Genetic studies in OA have so far provided only a handful of robust signals, such as polymorphism at 7q22 (3,4), DIO2 (5) and GDF5 (6,7). Two of these are known to have some effect on the skeleton. DIO2, a selenoprotein that converts intracellular inactive thyroid hormone to its active form, regulates the growth plate through thyroid hormone. GDF5, a member of the TGFβ superfamily of signaling molecules, is involved in the development, maintenance, and repair of bone and cartilage. Additional functional studies are necessary to elucidate the underlying molecular pathways, which may provide clues on possible druggable targets and /or biomarkers that allow early preclinical diagnosis of disease in carriers of these risk alleles (8,9). Gene markers used to predict the trajectory of OA don't necessarily have to be polymorphisms. A session describing the role of epigenetics in common disease provided insights into how differences in epigenetic profiles of genes encoding proteinases, interleukins and growth factors may influence OA progression. Overall differences in gene expression or epigenetic profiles could be useful markers or diagnostic tools.

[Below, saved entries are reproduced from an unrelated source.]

lemma hist_lang_eq_list_all2: "hist_lang sat r = {h. \<exists>w\<in>lang r. list_all2 (\<lambda>f x. sat x f) w h}"
proof (induction r)
  case (RAtom f)
  then show ?case by (auto simp: list_all2_Cons1)
next
  case (RCat r1 r2)
  show ?case
  proof (intro set_eqI iffI)
    fix h
    assume "h \<in> hist_lang sat (RCat r1 r2)"
    then obtain u v w1 w2 where "h = u @ v" "w1 \<in> lang r1" "w2 \<in> lang r2"
      "list_all2 (\<lambda>f x. sat x f) w1 u" "list_all2 (\<lambda>f x. sat x f) w2 v"
      using RCat.IH by auto
    then show "h \<in> {h. \<exists>w\<in>lang (RCat r1 r2). list_all2 (\<lambda>f x. sat x f) w h}"
      by (auto intro: list_all2_appendI)
  next
    fix h
    assume "h \<in> {h. \<exists>w\<in>lang (RCat r1 r2). list_all2 (\<lambda>f x. sat x f) w h}"
    then obtain w1 w2 where "w1 \<in> lang r1" "w2 \<in> lang r2"
      "list_all2 (\<lambda>f x. sat x f) (w1 @ w2) h"
      by auto
    then show "h \<in> hist_lang sat (RCat r1 r2)"
      using RCat.IH by (auto simp: list_all2_append1)
  qed
next
  case (RStar r)
  then show ?case by (simp add: lstar_list_all2)
qed auto

lemma consistent_iff_in_hist_lang: "consistent sat r h \<longleftrightarrow> h \<in> hist_lang sat r"
  by (auto simp: consistent_def hist_lang_eq_list_all2 list_all2_conv_all_nth)

fun nullable :: "'f regex \<Rightarrow> bool" where
  "nullable (RAtom f) \<longleftrightarrow> False"
| "nullable (RCat r1 r2) \<longleftrightarrow> nullable r1 \<and> nullable r2"
| "nullable (RUnion r1 r2) \<longleftrightarrow> nullable r1 \<or> nullable r2"
| "nullable (RStar r) \<longleftrightarrow> True"

lemma Nil_in_hist_lang_iff [simp]: "[] \<in> hist_lang sat r \<longleftrightarrow> nullable r"
  by (induction r) (auto intro: Nil_in_lstar)

fun cat_lang :: "('s \<Rightarrow> 'f \<Rightarrow> bool) \<Rightarrow> 'f regex list \<Rightarrow> 's list set" where
  "cat_lang sat [] = {[]}"
| "cat_lang sat (r # rs) = {u @ v | u v. u \<in> hist_lang sat r \<and> v \<in> cat_lang sat rs}"

lemma cat_lang_append:
  "cat_lang sat (rs @ ts) = {u @ v | u v. u \<in> cat_lang sat rs \<and> v \<in> cat_lang sat ts}"
  by (induction rs) (auto, metis append.assoc, metis append.assoc)

section \<open>Partial derivatives and left quotients\<close>

(* Antimirov's partial derivatives; a derivative is a list of regexes denoting their
   concatenation. *)
fun pderiv :: "('s \<Rightarrow> 'f \<Rightarrow> bool) \<Rightarrow> 's \<Rightarrow> 'f regex \<Rightarrow> 'f regex list set" where
  "pderiv sat x (RAtom f) = (if sat x f then {[]} else {})"
| "pderiv sat x (RCat r1 r2) =
     (\<lambda>rs. rs @ [r2]) ` pderiv sat x r1 \<union> (if nullable r1 then pderiv sat x r2 else {})"
| "pderiv sat x (RUnion r1 r2) = pderiv sat x r1 \<union> pderiv sat x r2"
| "pderiv sat x (RStar r) = (\<lambda>rs. rs @ [RStar r]) ` pderiv sat x r"

fun pderiv_cat :: "('s \<Rightarrow> 'f \<Rightarrow> bool) \<Rightarrow> 's \<Rightarrow> 'f regex list \<Rightarrow> 'f regex list set" where
  "pderiv_cat sat x [] = {}"
| "pderiv_cat sat x (r # rs) =
     (\<lambda>ts. ts @ rs) ` pderiv sat x r \<union> (if nullable r then pderiv_cat sat x rs else {})"

lemma cat_lang_singleton [simp]: "cat_lang sat [r] = hist_lang sat r"
  by simp

lemma Cons_in_hist_lang_iff:
  "x # g \<in> hist_lang sat r \<longleftrightarrow> (\<exists>rs\<in>pderiv sat x r. g \<in> cat_lang sat rs)"
proof (induction r arbitrary: g)
  case (RCat r1 r2)
  have "x # g \<in> hist_lang sat (RCat r1 r2) \<longleftrightarrow>
      nullable r1 \<and> (\<exists>rs\<in>pderiv sat x r2. g \<in> cat_lang sat rs) \<or>
      (\<exists>rs\<in>pderiv sat x r1. g \<in> cat_lang sat (rs @ [r2]))"
    unfolding hist_lang.simps(2) Cons_in_conc_iff RCat.IH Nil_in_hist_lang_iff
      cat_lang_append cat_lang_singleton
    by blast
  then show ?case by auto
next
  case (RStar r)
  have "x # g \<in> hist_lang sat (RStar r) \<longleftrightarrow>
      (\<exists>rs\<in>pderiv sat x r. g \<in> cat_lang sat (rs @ [RStar r]))"
    unfolding hist_lang.simps(4) Cons_in_lstar_iff RStar.IH cat_lang_append cat_lang_singleton
    by auto
  then show ?case by auto
qed auto

lemma Cons_in_cat_lang_iff:
  "x # g \<in> cat_lang sat rs \<longleftrightarrow> (\<exists>ts\<in>pderiv_cat sat x rs. g \<in> cat_lang sat ts)"
proof (induction rs arbitrary: g)
  case (Cons r rs)
  have "x # g \<in> cat_lang sat (r # rs) \<longleftrightarrow>
      nullable r \<and> (\<exists>ts\<in>pderiv_cat sat x rs. g \<in> cat_lang sat ts) \<or>
      (\<exists>ts\<in>pderiv sat x r. g \<in> cat_lang sat (ts @ rs))"
    unfolding cat_lang.simps(2) Cons_in_conc_iff Cons.IH Nil_in_hist_lang_iff
      Cons_in_hist_lang_iff cat_lang_append
    by blast
  then show ?case by auto
qed simp

fun pderiv_space :: "'f regex \<Rightarrow> 'f regex list set" where
  "pderiv_space (RAtom f) = {[]}"
| "pderiv_space (RCat r1 r2) = (\<lambda>rs. rs @ [r2]) ` pderiv_space r1 \<union> pderiv_space r2"
| "pderiv_space (RUnion r1 r2) = pderiv_space r1 \<union> pderiv_space r2"
| "pderiv_space (RStar r) = (\<lambda>rs. rs @ [RStar r]) ` pderiv_space r"

lemma finite_pderiv_space: "finite (pderiv_space r)"
  by (induction r) auto

lemma card_pderiv_space_le: "card (pderiv_space r) \<le> rsize r"
proof (induction r)
  case (RAtom f)
  then show ?case by (cases f) auto
next
  case (RCat r1 r2)
  have "card (pderiv_space (RCat r1 r2)) \<le> card (pderiv_space r1) + card (pderiv_space r2)"
    using card_Un_le[of "(\<lambda>rs. rs @ [r2]) ` pderiv_space r1" "pderiv_space r2"]
      card_image_le[OF finite_pderiv_space, of "\<lambda>rs. rs @ [r2]" r1]
    by simp
  then show ?case using RCat by simp
next
  case (RUnion r1 r2)
  then show ?case using card_Un_le[of "pderiv_space r1" "pderiv_space r2"] by simp
next
  case (RStar r)
  then show ?case using card_image_le[OF finite_pderiv_space, of "\<lambda>rs. rs @ [RStar r]" r] by simp
qed

lemma pderiv_subset_pderiv_space: "pderiv sat x r \<subseteq> pderiv_space r"
  by (induction r) auto

lemma pderiv_cat_append:
  "pderiv_cat sat x (rs @ ts) =
     (\<lambda>us. us @ ts) ` pderiv_cat sat x rs \<union> (if list_all nullable rs then pderiv_cat sat x ts else {})"
  by (induction rs) (auto simp: image_Un image_image)

lemma pderiv_cat_subset_pderiv_space:
  "rs \<in> pderiv_space r \<Longrightarrow> pderiv_cat sat x rs \<subseteq> pderiv_space r"
proof (induction r arbitrary: rs)
  case (RCat r1 r2)
  show ?case
  proof (cases "rs \<in> pderiv_space r2")
    case False
    then obtain us where "us \<in> pderiv_space r1" "rs = us @ [r2]"
      using RCat.prems by auto
    then show ?thesis
      using RCat.IH(1) pderiv_subset_pderiv_space[of sat x r2]
      by (auto simp: pderiv_cat_append)
  qed (use RCat.IH(2) in auto)
next
  case (RStar r)
  then obtain us where "us \<in> pderiv_space r" "rs = us @ [RStar r]"
    by auto
  then show ?case
    using RStar.IH pderiv_subset_pderiv_space[of sat x r]
    by (auto simp: pderiv_cat_append)
qed auto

More candidate genes and polymorphisms are expected as ongoing GWAS studies reach completion (10). Each gene can potentially confer allelic heterogeneity (common and rare pathogenic variants), with rare genetic variants potentially having stronger and possibly distinctive effects on phenotype, and therefore offering greater potential for intervention. Identifying robust polymorphisms associated with OA won't provide a complete story. Many SNPs likely reside outside genes, may not be disease specific, nor be relevant to transcripts expressed in joints. Also, associated SNPs may reside inside genes whose function is not yet understood. Thus, functional studies are critical. Functional genomic pipelines will elucidate molecular pathway underlying OA etiology and thus facilitate the discovery of therapeutic targets. Functional genomic approaches will also provide insight into the molecular background of these OA susceptibility loci and hopefully uncover disease mechanisms. Lastly, genetic contributions to the formation of joint shape may add to information provided by functional genetic approaches.

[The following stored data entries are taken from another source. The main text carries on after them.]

lemma ricci_op_ricci_tensor:
  "ricci_op V br m y \<in> V" "\<And>z. z \<in> V \<Longrightarrow> m (ricci_op V br m y) z = ricci_tensor V br m y z"
proof -
  obtain B d where B: "dual_basis V B d" using dual_basis_exists[OF V nd] by blast
  obtain w where w: "w \<in> V" "\<And>z. z \<in> V \<Longrightarrow> m w z = ricci_tensor V br m y z"
    using riesz_representation[OF V nd, of "\<lambda>z. ricci_tensor V br m y z"]
    by (auto simp: ricci_tensor_dual_basis[OF B] curvature_add curvature_scale m_simps
        sum.distrib sum_distrib_left)
  have "ricci_op V br m y = w"
    unfolding ricci_op_def
  proof (rule the_equality)
    fix w' assume "w' \<in> V \<and> (\<forall>z\<in>V. m w' z = ricci_tensor V br m y z)"
    then show "w' = w" using w by (intro nondegenerate_on_eqI[OF V nd]) auto
  qed (use w in blast)
  then show "ricci_op V br m y \<in> V" "\<And>z. z \<in> V \<Longrightarrow> m (ricci_op V br m y) z = ricci_tensor V br m y z"
    using w by simp_all
qed

lemma ricci_op_eqI:
  assumes "w \<in> V" "\<And>z. z \<in> V \<Longrightarrow> m w z = ricci_tensor V br m y z"
  shows "ricci_op V br m y = w"
  using ricci_op_ricci_tensor assms by (intro nondegenerate_on_eqI[OF V nd]) auto

end

end

section \<open>Pseudo-Iwasawa decompositions\<close>

lemma lie_algebra_anticommute:
  assumes "lie_algebra UNIV br" "bilinear br"
  shows "br x y = - br y x"
proof -
  have "br (x + y) (x + y) = br x x + br x y + br y x + br y y"
    using bilinear_ladd[OF assms(2)] bilinear_radd[OF assms(2)] by simp
  then have "br x y + br y x = 0" using assms(1) unfolding lie_algebra_def by simp
  then show ?thesis by (simp add: eq_neg_iff_add_eq_0)
qed

lemma lie_algebra_ad_derivation:
  assumes "lie_algebra UNIV br" "bilinear br"
  shows "br x (br y z) = br (br x y) z + br y (br x z)"
proof -
  have "br x (br y z) + br y (br z x) + br z (br x y) = 0"
    using assms(1) unfolding lie_algebra_def by blast
  moreover have "br y (br z x) = - br y (br x z)" "br z (br x y) = - br (br x y) z"
    using lie_algebra_anticommute[OF assms] bilinear_rneg[OF assms(2)] by metis+
  ultimately show ?thesis by (simp add: algebra_simps)
qed

locale pseudo_iwasawa_metric =
  fixes br :: "'v::euclidean_space \<Rightarrow> 'v \<Rightarrow> 'v" and m :: "'v \<Rightarrow> 'v \<Rightarrow> real" and g a :: "'v set"
  assumes lie: "lie_algebra UNIV br" and metric: "metric_on UNIV m"
    and iwasawa: "pseudo_iwasawa UNIV br m g a"
begin

sublocale metric_bracket m br
proof
  show "bilinear br" "bilinear m"
    using lie metric unfolding lie_algebra_def metric_on_def bilinear_on_def bilinear_def
    by (auto intro!: linearI)
  show "m x y = m y x" for x y using metric unfolding metric_on_def by blast
qed

lemma br_anticommute: "br x y = - br y x"
  by (rule lie_algebra_anticommute[OF lie bilinear_br])

lemma br_ad_derivation: "br x (br y z) = br (br x y) z + br y (br x z)"
  by (rule lie_algebra_ad_derivation[OF lie bilinear_br])

lemma subspace_g: "subspace g" and subspace_a: "subspace a"
  using iwasawa unfolding pseudo_iwasawa_def ideal_def abelian_subalgebra_def by blast+

lemma br_right_in_g: "y \<in> g \<Longrightarrow> br x y \<in> g"
  using iwasawa unfolding pseudo_iwasawa_def ideal_def by blast

lemma br_left_in_g: "y \<in> g \<Longrightarrow> br y x \<in> g"
  using br_right_in_g[of y x] br_anticommute[of y x] subspace_g subspace_neg by metis

lemma br_a_a: "X \<in> a \<Longrightarrow> Y \<in> a \<Longrightarrow> br X Y = 0"
  using iwasawa unfolding pseudo_iwasawa_def abelian_subalgebra_def by blast

lemma g_a_sum: "\<exists>x\<in>g. \<exists>y\<in>a. v = x + y"
  using iwasawa unfolding pseudo_iwasawa_def by blast

lemma g_a_decomp:
  obtains x y where "x \<in> g" "y \<in> a" "v = x + y"
  using g_a_sum by blast

lemma m_g_a: "x \<in> g \<Longrightarrow> y \<in> a \<Longrightarrow> m x y = 0"
  using iwasawa unfolding pseudo_iwasawa_def by blast

lemma m_a_g: "x \<in> g \<Longrightarrow> y \<in> a \<Longrightarrow> m y x = 0"
  using m_g_a m_commute by metis

lemma g_inter_a: "x \<in> g \<Longrightarrow> x \<in> a \<Longrightarrow> x = 0"
  using iwasawa unfolding pseudo_iwasawa_def by blast

lemma ad_a_self_adjoint: "X \<in> a \<Longrightarrow> m (br X u) w = m u (br X w)"
  using iwasawa unfolding pseudo_iwasawa_def by blast

lemma br_a_in_g: "X \<in> a \<Longrightarrow> br X z \<in> g"
  by (rule g_a_decomp[of z]) (simp add: br_add_right br_right_in_g br_a_a)

lemma nondegenerate_UNIV: "nondegenerate_on UNIV"
  using metric unfolding metric_on_def nondegenerate_on_def by blast

lemma nondegenerate_g: "nondegenerate_on g"
  by (rule nondegenerate_on_orthogonal_summand[OF nondegenerate_UNIV g_a_sum m_g_a])

lemma nondegenerate_a: "nondegenerate_on a"
proof (rule nondegenerate_on_orthogonal_summand[OF nondegenerate_UNIV])
  show "\<exists>x\<in>a. \<exists>y\<in>g. v = x + y" for v using g_a_sum[of v] by (metis add.commute)
qed (rule m_a_g)

abbreviation nabla :: "'v \<Rightarrow> 'v \<Rightarrow> 'v" where "nabla \<equiv> lc_nabla UNIV br m"
abbreviation nabla_g :: "'v \<Rightarrow> 'v \<Rightarrow> 'v" where "nabla_g \<equiv> lc_nabla g br m"

text \<open>The a-component of nabla u v for u, v in g.\<close>

definition second_fundamental_form :: "'v \<Rightarrow> 'v \<Rightarrow> 'v" where
  "second_fundamental_form u v = (SOME w. w \<in> a \<and> (\<forall>Y\<in>a. m w Y = m (br Y u) v))"

lemma second_fundamental_form:
  "second_fundamental_form u v \<in> a"
  "\<And>Y. Y \<in> a \<Longrightarrow> m (second_fundamental_form u v) Y = m (br Y u) v"
proof -
  obtain w where "w \<in> a" "\<And>Y. Y \<in> a \<Longrightarrow> m w Y = m (br Y u) v"
    using riesz_representation[OF subspace_a nondegenerate_a, of "\<lambda>Y. m (br Y u) v"]
    by (metis br_add_left br_scale_left m_add_left m_scale_left)
  then have "\<exists>w. w \<in> a \<and> (\<forall>Y\<in>a. m w Y = m (br Y u) v)" by blast
  from someI_ex[OF this] show "second_fundamental_form u v \<in> a"
    "\<And>Y. Y \<in> a \<Longrightarrow> m (second_fundamental_form u v) Y = m (br Y u) v"
    unfolding second_fundamental_form_def by blast+
qed

lemma nabla_g_g:
  assumes u: "u \<in> g" and v: "v \<in> g"
  shows "nabla u v = nabla_g u v + second_fundamental_form u v"
proof (rule lc_nabla_eqI[OF subspace_UNIV nondegenerate_UNIV])
  fix z :: 'v
  obtain zg za where z: "zg \<in> g" "za \<in> a" "z = zg + za" by (rule g_a_decomp)
  have ng: "nabla_g u v \<in> g" by (rule lc_nabla_koszul(1)[OF subspace_g nondegenerate_g])
  have "2 * m (nabla_g u v) zg = koszul u v zg"
    using lc_nabla_koszul(2)[OF subspace_g nondegenerate_g z(1)] .
  moreover have "m (nabla_g u v) za = 0" using m_g_a ng z(2) by blast
  moreover have "m (second_fundamental_form u v) zg = 0"
    using m_a_g second_fundamental_form(1) z(1) by blast
  moreover have "m (second_fundamental_form u v) za = m (br za u) v"
    using second_fundamental_form(2) z(2) by blast
  moreover have "koszul u v za = 2 * m (br za u) v"
  proof -
    have "m (br u v) za = 0" using m_g_a br_right_in_g v z(2) by blast
    moreover have "m (br v za) u = - m (br za u) v"
      using br_anticommute[of v za] ad_a_self_adjoint[OF z(2), of v u] m_commute[of v "br za u"]
      by (simp add: m_minus_left)
    ultimately show ?thesis unfolding koszul_def by simp
  qed
  ultimately show "2 * m (nabla_g u v + second_fundamental_form u v) z = koszul u v z"
    unfolding z(3) by (simp add: koszul_add m_add_left m_add_right algebra_simps)
qed simp

lemma nabla_g_a:
  assumes u: "u \<in> g" and Y: "Y \<in> a"
  shows "nabla u Y = - br Y u"
proof (rule lc_nabla_eqI[OF subspace_UNIV nondegenerate_UNIV])
  fix z :: 'v
  obtain zg za where z: "zg \<in> g" "za \<in> a" "z = zg + za" by (rule g_a_decomp)
  have "koszul u Y zg = - 2 * m (br Y u) zg"
  proof -
    have "m (br u Y) zg = - m (br Y u) zg" using br_anticommute[of u Y] by (simp add: m_minus_left)
    moreover have "m (br Y zg) u = m (br Y u) zg"
      using ad_a_self_adjoint[OF Y, of zg u] m_commute[of zg "br Y u"] by simp
    moreover have "m (br zg u) Y = 0" using m_g_a br_left_in_g z(1) Y by blast
    ultimately show ?thesis unfolding koszul_def by simp
  qed
  moreover have "koszul u Y za = 0"
  proof -
    have "m (br u Y) za = 0" using m_g_a br_left_in_g u z(2) by blast
    moreover have "br Y za = 0" using br_a_a Y z(2) by blast
    moreover have "m (br za u) Y = 0" using m_g_a br_right_in_g u Y by blast
    ultimately show ?thesis unfolding koszul_def by (simp add: m_zero_left)
  qed
  moreover have "m (br Y u) za = 0" using m_g_a br_right_in_g[OF u] z(2) by blast
  ultimately show "2 * m (- br Y u) z = koszul u Y z"
    unfolding z(3) by (simp add: koszul_add m_minus_left m_add_right)
qed simp

lemma nabla_a:
  assumes X: "X \<in> a"
  shows "nabla X w = 0"
proof -
  have "koszul X w z = 0" for z
  proof -
    obtain wg wa where w: "wg \<in> g" "wa \<in> a" "w = wg + wa" by (rule g_a_decomp)
    obtain zg za where z: "zg \<in> g" "za \<in> a" "z = zg + za" by (rule g_a_decomp)
    have ad_X: "m (br X wg) zg = m (br X zg) wg"
      using ad_a_self_adjoint[OF X] m_commute by metis
    have "m (br u v) X = 0" if "u \<in> g \<or> v \<in> g" for u v
      using that m_g_a[OF _ X] br_left_in_g br_right_in_g by blast
    moreover have "br u v = 0" if "u \<in> a" "v \<in> a" for u v using br_a_a that by blast
    ultimately show ?thesis
      unfolding koszul_def w(3) z(3) using w z X ad_X m_g_a[OF br_a_in_g[OF X]]
      by (simp add: m_simps br_simps br_anticommute[of _ X])
  qed
  then show ?thesis by (intro lc_nabla_eqI[OF subspace_UNIV nondegenerate_UNIV]) (simp_all add: m_zero_left)
qed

Challenges (The next step forward)
Data presented at the workshop showed progress in robust candidate genes, such as GDF5, and reinforced the need to understand the complex interplay between genetic and environmental causes of OA. To date, too few signals reach genome-wide significance whilst even fewer show compelling association across ethnic groups. Current OA susceptibility alleles are also not providing enhanced risk prediction when combined with conventional risk factors such as age, gender and BMI. The elucidation of underlying pathways can supply such information as will collecting more data relevant to genetics, clinical features, and environmental risk factors. These new data will allow for complete analyses of OA associated genetic variants.
The field of complex trait genetics is moving towards determining the role of low frequency and rare variants. The 1000 Genomes Project (11) and the UK10K Project can provide OA studies with additional DNA variants to test whilst the emphasis must remain on large sample sizes to allow study replication and to also provide stratified analyses to both increase and specify attributable risk. Such second generation sequencing efforts aim to uncover rare genetic changes in tens of thousands of people across the globe.
Challenges remain in many areas; such as gene-environment interactions that are rarely captured in gene association studies and which complicate clinical utility. Furthermore, a large part of heritability remains unexplained. Deep sequencing (whole genome, exome, and RNA-sequencing) may uncover additional rare genetic variation specific to OA susceptibility and may fill-in some of the heritability gap. Also, biochemical markers or markers that denote joint shape are needed to provide quantitative phenotyping for genome-wide analyses of OA endophenotypes.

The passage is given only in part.